§ **ACTIVITY**: Search for the word "hence" in the entries. Each line that holds it should be copied.

[[ RECORDS FOR THIS TASK, beginning ]]

lemma (in prob_space) prob_all_abs_less_indep:
  fixes e :: "'i \<Rightarrow> 'a \<Rightarrow> real" and g :: "real \<Rightarrow> real"
  assumes U: "finite U"
    and ind: "indep_vars (\<lambda>_. borel) e U"
    and dist: "\<And>p. p \<in> U \<Longrightarrow> distributed M lborel (e p) g"
    and D: "prob_space (density lborel g)"
  shows "prob {\<omega> \<in> space M. \<forall>p\<in>U. \<bar>e p \<omega>\<bar> < t}
       = (1 - measure (density lborel g) {x. t \<le> \<bar>x\<bar>}) ^ card U"
proof (cases "U = {}")
  case True
  then show ?thesis by (simp add: prob_space)
next
  case False
  interpret D: prob_space "density lborel g" by (rule D)
  define A where "A p = e p -` {x. \<bar>x\<bar> < t} \<inter> space M" for p
  have ind_sets: "indep_sets (\<lambda>i. {e i -` B \<inter> space M | B. B \<in> sets borel}) U"
    using ind unfolding indep_vars_def2 by auto
  have "prob (\<Inter>p\<in>U. A p) = (\<Prod>p\<in>U. prob (A p))"
    by (rule indep_setsD[OF ind_sets subset_refl False U])
       (auto simp: A_def intro!: exI[of _ "{x. \<bar>x\<bar> < t}"])
  moreover have "(\<Inter>p\<in>U. A p) = {\<omega> \<in> space M. \<forall>p\<in>U. \<bar>e p \<omega>\<bar> < t}"
    using False by (auto simp: A_def)
  moreover have "prob (A p) = 1 - D.prob {x. t \<le> \<bar>x\<bar>}" if p: "p \<in> U" for p
  proof -
    have "prob (A p) = measure (distr M lborel (e p)) {x. \<bar>x\<bar> < t}"
      unfolding A_def using distributed_measurable[OF dist[OF p]]
      by (subst measure_distr) auto
    also have "\<dots> = D.prob (space (density lborel g) - {x. t \<le> \<bar>x\<bar>})"
      using distributed_distr_eq_density[OF dist[OF p]] by (simp add: set_diff_eq not_le)
    also have "\<dots> = 1 - D.prob {x. t \<le> \<bar>x\<bar>}"
      by (rule D.prob_compl) simp
    finally show ?thesis .
  qed
  ultimately show ?thesis by simp
qed

lemma finite_upairs: "finite X \<Longrightarrow> finite (upairs X)"
  by (rule finite_subset[of _ "Pow X"]) (auto simp: upairs_def)

lemma card_upairs:
  assumes "finite X"
  shows "card (upairs X) = card X choose 2"
proof -
  have "upairs X = {B. B \<subseteq> X \<and> card B = 2}"
    unfolding upairs_def by (auto simp: card_2_iff)
  then show ?thesis using n_subsets[OF assms, of 2] by simp
qed

lemma choose_two_le_square: "real (n choose 2) \<le> real n ^ 2"
proof -
  have "n choose 2 \<le> n ^ 2"
    by (cases "2 \<le> n") (auto intro: binomial_le_pow simp: binomial_eq_0)
  then show ?thesis by (metis of_nat_le_iff of_nat_power)
qed

lemma square_le_four_choose_two:
  assumes "n \<ge> 2"
  shows "real n ^ 2 / 4 \<le> real (n choose 2)"
proof -
  have "even (n * (n - 1))" by (cases "even n") auto
  hence "2 * (n choose 2) = n * (n - 1)" by (simp add: choose_two)
  hence "2 * real (n choose 2) = real n * (real n - 1)"
    using assms by (metis of_nat_1 of_nat_diff of_nat_mult of_nat_numeral le_trans one_le_numeral)
  hence "2 * real (n choose 2) = real n * real n - real n" by (simp add: algebra_simps)
  moreover have "2 * real n \<le> real n * real n" using assms by (intro mult_right_mono) auto
  ultimately show ?thesis unfolding power2_eq_square by linarith
qed

lemma powr_two_minus:
  fixes x :: real
  assumes "x > 0"
  shows "x powr (2 - b) = x\<^sup>2 * x powr (-b)"
proof -
  have "x powr (2 - b) = x powr 2 * x powr (-b)" by (simp add: powr_add[symmetric])
  then show ?thesis using assms by (simp add: powr_numeral)
qed

lemma power_choose_two_tendsto_one:
  fixes q :: "nat \<Rightarrow> real"
  assumes q: "\<forall>\<^sub>F n in sequentially. 0 \<le> q n \<and> q n \<le> 1"
    and bound: "\<forall>\<^sub>F n in sequentially. q n \<le> K * real n powr (-b)" and b: "b > 2"
  shows "(\<lambda>n. (1 - q n) ^ (n choose 2)) \<longlonglongrightarrow> 1"
proof (rule tendsto_sandwich)
  show "\<forall>\<^sub>F n in sequentially. (1 - q n) ^ (n choose 2) \<le> 1"
    using q by eventually_elim (auto intro: power_le_one)
  show "\<forall>\<^sub>F n in sequentially. 1 - K * real n powr (2 - b) \<le> (1 - q n) ^ (n choose 2)"
    using q bound eventually_gt_at_top[of 0]
  proof eventually_elim
    case (elim n)
    have "real (n choose 2) * q n \<le> (real n)\<^sup>2 * (K * real n powr (-b))"
      using elim choose_two_le_square[of n] by (intro mult_mono) auto
    hence "1 - K * real n powr (2 - b) \<le> 1 - real (n choose 2) * q n"
      using elim by (simp add: powr_two_minus mult.left_commute)
    also have "\<dots> \<le> (1 - q n) ^ (n choose 2)"
      using Bernoulli_inequality[of "- q n" "n choose 2"] elim by simp
    finally show ?case .
  qed
  show "(\<lambda>n. 1 - K * real n powr (2 - b)) \<longlonglongrightarrow> 1"
    using tendsto_diff[OF tendsto_const tendsto_mult_right_zero[OF
          tendsto_neg_powr[OF _ filterlim_real_sequentially]], of "2 - b" 1 K] b
    by simp
qed (rule tendsto_const)

lemma power_choose_two_tendsto_zero:
  fixes q :: "nat \<Rightarrow> real"
  assumes q: "\<forall>\<^sub>F n in sequentially. 0 \<le> q n \<and> q n \<le> 1"
    and bound: "\<forall>\<^sub>F n in sequentially. C * real n powr (-b) \<le> q n"
    and b: "b < 2" and C: "C > 0"
  shows "(\<lambda>n. (1 - q n) ^ (n choose 2)) \<longlonglongrightarrow> 0"
proof (rule tendsto_sandwich)
  show "\<forall>\<^sub>F n in sequentially. 0 \<le> (1 - q n) ^ (n choose 2)"
    using q by eventually_elim simp
  show "\<forall>\<^sub>F n in sequentially. (1 - q n) ^ (n choose 2) \<le> 4 / C * real n powr (b - 2)"
    using q bound eventually_ge_at_top[of 2]
  proof eventually_elim
    case (elim n)
    define Y where "Y = real (n choose 2) * q n"
    have "(real n)\<^sup>2 / 4 * (C * real n powr (-b)) \<le> Y"
      using elim square_le_four_choose_two[of n] C unfolding Y_def by (intro mult_mono) auto
    hence lower: "C / 4 * real n powr (2 - b) \<le> Y"
      using elim by (simp add: powr_two_minus mult_ac)
    have pos: "0 < C / 4 * real n powr (2 - b)" using C elim by simp
    have "(1 - q n) ^ (n choose 2) \<le> exp (- q n) ^ (n choose 2)"
      using elim exp_ge_add_one_self[of "- q n"] by (intro power_mono) auto
    also have "\<dots> = exp (- Y)" by (simp add: Y_def exp_of_nat_mult[symmetric])
    also have "\<dots> \<le> 1 / Y"
    proof -
      have "Y \<le> exp Y" using exp_ge_add_one_self[of Y] by linarith
      then show ?thesis using lower pos by (simp add: exp_minus field_simps)
    qed
    also have "\<dots> \<le> 1 / (C / 4 * real n powr (2 - b))"
      using lower pos by (intro divide_left_mono) auto
    also have "\<dots> = 4 / C * real n powr (b - 2)"
      using elim by (simp add: powr_minus_divide[symmetric] powr_diff)
    finally show ?case .
  qed
  show "(\<lambda>n. 4 / C * real n powr (b - 2)) \<longlonglongrightarrow> 0"
    using tendsto_mult_right_zero[OF tendsto_neg_powr[OF _ filterlim_real_sequentially],
          of "b - 2" "4 / C"] b
    by simp
qed (rule tendsto_const)

lemma normal_tail_log_variance_bounded:
  assumes "c > 0"
  shows "\<forall>\<^sub>F n in sequentially.
           0 \<le> normal_tail (sqrt (c\<^sup>2 / ln (real n))) t
           \<and> normal_tail (sqrt (c\<^sup>2 / ln (real n))) t \<le> 1"
  using eventually_ge_at_top[of 2]
  by eventually_elim (use assms in \<open>auto simp: normal_tail_nonneg intro!: normal_tail_le_one\<close>)

lemma normal_tail_log_variance_power_choose_two_tendsto_zero:
  assumes c: "c > 0" and t: "0 \<le> t" "t < 2 * c"
  shows "(\<lambda>n. (1 - normal_tail (sqrt (c\<^sup>2 / ln (real n))) t) ^ (n choose 2)) \<longlonglongrightarrow> 0"
proof -
  have "t\<^sup>2 < (2 * c)\<^sup>2" using t by (intro power_strict_mono) auto
  then have small: "t\<^sup>2 / (2 * c\<^sup>2) < 2" using c by (simp add: field_simps power_mult_distrib)
  define b where "b = (t\<^sup>2 / (2 * c\<^sup>2) + 2) / 2"
  have b: "t\<^sup>2 / (2 * c\<^sup>2) < b" "b < 2" using small by (simp_all add: b_def)
  obtain C where "C > 0"
    and lower: "\<And>x. x \<ge> 3 \<Longrightarrow> C * x powr (-b) \<le> normal_tail (sqrt (c\<^sup>2 / ln x)) t"
    using normal_tail_log_variance_lower[OF c t(1) b(1)] by blast
  have "\<forall>\<^sub>F n in sequentially. C * real n powr (-b) \<le> normal_tail (sqrt (c\<^sup>2 / ln (real n))) t"
    using eventually_ge_at_top[of 3] by eventually_elim (simp add: lower)
  then show ?thesis
    by (rule power_choose_two_tendsto_zero[OF normal_tail_log_variance_bounded[OF c] _ b(2) \<open>C > 0\<close>])
qed

lemma normal_tail_log_variance_power_choose_two_tendsto_one:
  assumes c: "c > 0" and t: "2 * c < t"
  shows "(\<lambda>n. (1 - normal_tail (sqrt (c\<^sup>2 / ln (real n))) t) ^ (n choose 2)) \<longlonglongrightarrow> 1"
proof -
  have "(2 * c)\<^sup>2 < t\<^sup>2" using c t by (intro power_strict_mono) auto
  then have large: "t\<^sup>2 / (2 * c\<^sup>2) > 2" using c by (simp add: field_simps power_mult_distrib)
  define b where "b = (t\<^sup>2 / (2 * c\<^sup>2) + 2) / 2"
  have b: "0 < b" "b < t\<^sup>2 / (2 * c\<^sup>2)" "2 < b" using large by (simp_all add: b_def)
  obtain K
    where upper: "\<And>x. x > 1 \<Longrightarrow> normal_tail (sqrt (c\<^sup>2 / ln x)) t \<le> K * x powr (-b)"
    using normal_tail_log_variance_upper[OF c _ b(1,2)] c t by auto
  have "\<forall>\<^sub>F n in sequentially. normal_tail (sqrt (c\<^sup>2 / ln (real n))) t \<le> K * real n powr (-b)"
    using eventually_ge_at_top[of 2] by eventually_elim (simp add: upper)
  then show ?thesis
    by (rule power_choose_two_tendsto_one[OF normal_tail_log_variance_bounded[OF c] _ b(3)])
qed

theorem proposition1:
  fixes w c :: real
    and X :: "nat \<Rightarrow> 'l set"
    and V :: "nat \<Rightarrow> 'v set" and E :: "nat \<Rightarrow> 'v set set"
    and phi :: "nat \<Rightarrow> 'l \<Rightarrow> 'v" and len :: "nat \<Rightarrow> 'v set \<Rightarrow> real"
    and M :: "nat \<Rightarrow> 'w measure"
    and eps :: "nat \<Rightarrow> 'l set \<Rightarrow> 'w \<Rightarrow> real"
    and P :: "nat \<Rightarrow> real"
  assumes w_pos: "w > 0" and c_pos: "c > 0"
    and card_X: "\<And>n. n \<ge> 3 \<Longrightarrow> finite (X n) \<and> card (X n) = n"
    and tree: "\<And>n. n \<ge> 3 \<Longrightarrow> binary_phylo_tree (X n) (V n) (E n) (phi n)"
    and len_pos: "\<And>n e. n \<ge> 3 \<Longrightarrow> e \<in> E n \<Longrightarrow> len n e > 0"
    and min_int: "\<And>n. n \<ge> 3 \<Longrightarrow> interior_edges (V n) (E n) \<noteq> {} \<Longrightarrow>
                    Min (len n ` interior_edges (V n) (E n)) = w"
    and prob: "\<And>n. n \<ge> 3 \<Longrightarrow> prob_space (M n)"
    and indep: "\<And>n. n \<ge> 3 \<Longrightarrow>
                  prob_space.indep_vars (M n) (\<lambda>_. borel) (eps n) (upairs (X n))"
    and normal: "\<And>n p. n \<ge> 3 \<Longrightarrow> p \<in> upairs (X n) \<Longrightarrow>
                  distributed (M n) lborel (eps n p) (normal_density 0 (sqrt (c\<^sup>2 / ln (real n))))"
    and P_def: "\<And>n. P n = measure (M n)
                  {\<omega> \<in> space (M n). \<forall>x\<in>X n. \<forall>y\<in>X n. x \<noteq> y \<longrightarrow>
                     \<bar>(tree_metric (V n) (E n) (len n) (phi n) x y + eps n {x, y} \<omega>)
                       - tree_metric (V n) (E n) (len n) (phi n) x y\<bar> < w / 2}"
  shows "(c > w / 4 \<longrightarrow> P \<longlonglongrightarrow> 0) \<and> (c < w / 4 \<longrightarrow> P \<longlonglongrightarrow> 1)"
proof -
  define q where "q n = normal_tail (sqrt (c\<^sup>2 / ln (real n))) (w / 2)" for n :: nat
  have "\<forall>\<^sub>F n in sequentially. (1 - q n) ^ (n choose 2) = P n"
    using eventually_ge_at_top[of 3]
  proof eventually_elim
    case (elim n)
    interpret prob_space "M n" using prob[OF elim] .
    \<comment> \<open>The tree metric cancels.\<close>
    have "P n = prob {\<omega> \<in> space (M n). \<forall>p\<in>upairs (X n). \<bar>eps n p \<omega>\<bar> < w / 2}"
      unfolding P_def upairs_def by (intro arg_cong[where f = prob]) auto
    also have "\<dots> = (1 - q n) ^ card (upairs (X n))"
      unfolding q_def normal_tail_def using card_X[OF elim] elim c_pos
      by (intro prob_all_abs_less_indep finite_upairs indep normal prob_space_normal_density) auto
    finally show ?case using card_X[OF elim] by (simp add: card_upairs)
  qed
  moreover have "(\<lambda>n. (1 - q n) ^ (n choose 2)) \<longlonglongrightarrow> 0" if "c > w / 4"
    unfolding q_def using that w_pos
    by (intro normal_tail_log_variance_power_choose_two_tendsto_zero c_pos) auto
  moreover have "(\<lambda>n. (1 - q n) ^ (n choose 2)) \<longlonglongrightarrow> 1" if "c < w / 4"
    unfolding q_def using that
    by (intro normal_tail_log_variance_power_choose_two_tendsto_one c_pos) auto
  ultimately show ?thesis by (blast intro: Lim_transform_eventually)
qed

end
lemma completion_card_bound:
  assumes "(completion_step V E 6)\<^sup>*\<^sup>* H0 F"
  shows "(Suc d)\<^sup>2 * card F \<le> (Suc d)\<^sup>2 * (card V * d) + 15 * (card V * card V)"
proof -
  have "H0 \<subseteq> F \<and> F \<subseteq> E \<and> (Suc d)\<^sup>2 * card F + 3 * Psi F \<le> (Suc d)\<^sup>2 * card H0 + 3 * Psi H0"
    using assms
  proof (induction rule: rtranclp_induct)
    case base
    then show ?case using H0_subset_E by simp
  next
    case (step F F')
    then show ?case using completion_step_potential[of F F'] by force
  qed
  then show ?thesis
    using mult_le_mono2[OF card_H0_le, of "(Suc d)\<^sup>2"] Psi_le[of H0] by linarith
qed

end

lemma real_bound_from_potential:
  fixes n d h :: nat
  assumes h: "(Suc d)\<^sup>2 * h \<le> (Suc d)\<^sup>2 * (n * d) + 15 * (n * n)"
    and d: "d = nat \<lfloor>real n powr (1/3)\<rfloor>"
  shows "real h \<le> 16 * real n powr (4/3)"
proof -
  define a where "a = real n powr (1/3)"
  define s where "s = real d + 1"
  have "0 \<le> a" unfolding a_def by simp
  then have a: "0 \<le> a" "real d \<le> a" "a \<le> s"
    using d unfolding a_def s_def by simp_all
  have pow: "real n powr (k / 3) = a ^ k" if "0 < k" for k :: nat
    using that unfolding a_def by (cases "n = 0") (simp_all add: powr_powr flip: powr_realpow)
  have n: "real n = a ^ 3" using pow[of 3] by simp
  have "s\<^sup>2 * real h \<le> s\<^sup>2 * (real n * real d) + 15 * (real n * real n)"
    using of_nat_mono[OF h] unfolding s_def by (simp add: add.commute)
  also have "\<dots> \<le> s\<^sup>2 * a ^ 4 + 15 * (a ^ 4 * s\<^sup>2)"
  proof (intro add_mono mult_left_mono)
    show "real n * real d \<le> a ^ 4" using n a by (simp add: mult_left_mono power3_eq_cube power4_eq_xxxx)
    have "real n * real n = a ^ 4 * a\<^sup>2" using n by (simp flip: power_add)
    also have "\<dots> \<le> a ^ 4 * s\<^sup>2" using a by (intro mult_left_mono power_mono) simp_all
    finally show "real n * real n \<le> a ^ 4 * s\<^sup>2" .
  qed simp_all
  finally have "s\<^sup>2 * real h \<le> s\<^sup>2 * (16 * a ^ 4)" by (simp add: algebra_simps)
  then have "real h \<le> 16 * a ^ 4" using a s_def by (simp add: mult_le_cancel_left)
  then show ?thesis using pow[of 4] by simp
qed

theorem theorem1:
  shows "\<exists>C::real. \<forall>(V::nat set) E (S::nat \<Rightarrow> nat set set) H.
     simple_graph V E \<and>
     (\<forall>x\<in>V. S x \<subseteq> {e \<in> E. x \<in> e} \<and>
        card (S x) = min (degree E x) (nat \<lfloor>real (card V) powr (1/3)\<rfloor>)) \<and>
     (completion_step V E 6)\<^sup>*\<^sup>* (\<Union>x\<in>V. S x) H \<and>
     additive_spanner V E 6 H
     \<longrightarrow> real (card H) \<le> C * real (card V) powr (4/3)"
proof (intro exI[of _ 16] allI impI, elim conjE)
  fix V :: "nat set" and E S H
  define d where "d = nat \<lfloor>real (card V) powr (1/3)\<rfloor>"
  assume "simple_graph V E"
    and "\<forall>x\<in>V. S x \<subseteq> {e \<in> E. x \<in> e} \<and> card (S x) = min (degree E x) d"
    and run: "(completion_step V E 6)\<^sup>*\<^sup>* (\<Union>x\<in>V. S x) H"
  then interpret spanner_construction V E S d by unfold_locales auto
  have "(Suc d)\<^sup>2 * card H \<le> (Suc d)\<^sup>2 * (card V * d) + 15 * (card V * card V)"
    using completion_card_bound run unfolding H0_def by blast
  then show "real (card H) \<le> 16 * real (card V) powr (4/3)"
    using d_def by (rule real_bound_from_potential)
qed

end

[[ RECORDS FOR THIS TASK, end ]]

§ **RESPONSE AREA**:
  hence "2 * (n choose 2) = n * (n - 1)" by (simp add: choose_two)
  hence "2 * real (n choose 2) = real n * (real n - 1)"
  hence "2 * real (n choose 2) = real n * real n - real n" by (simp add: algebra_simps)
    hence "1 - K * real n powr (2 - b) \<le> 1 - real (n choose 2) * q n"
    hence lower: "C / 4 * real n powr (2 - b) \<le> Y"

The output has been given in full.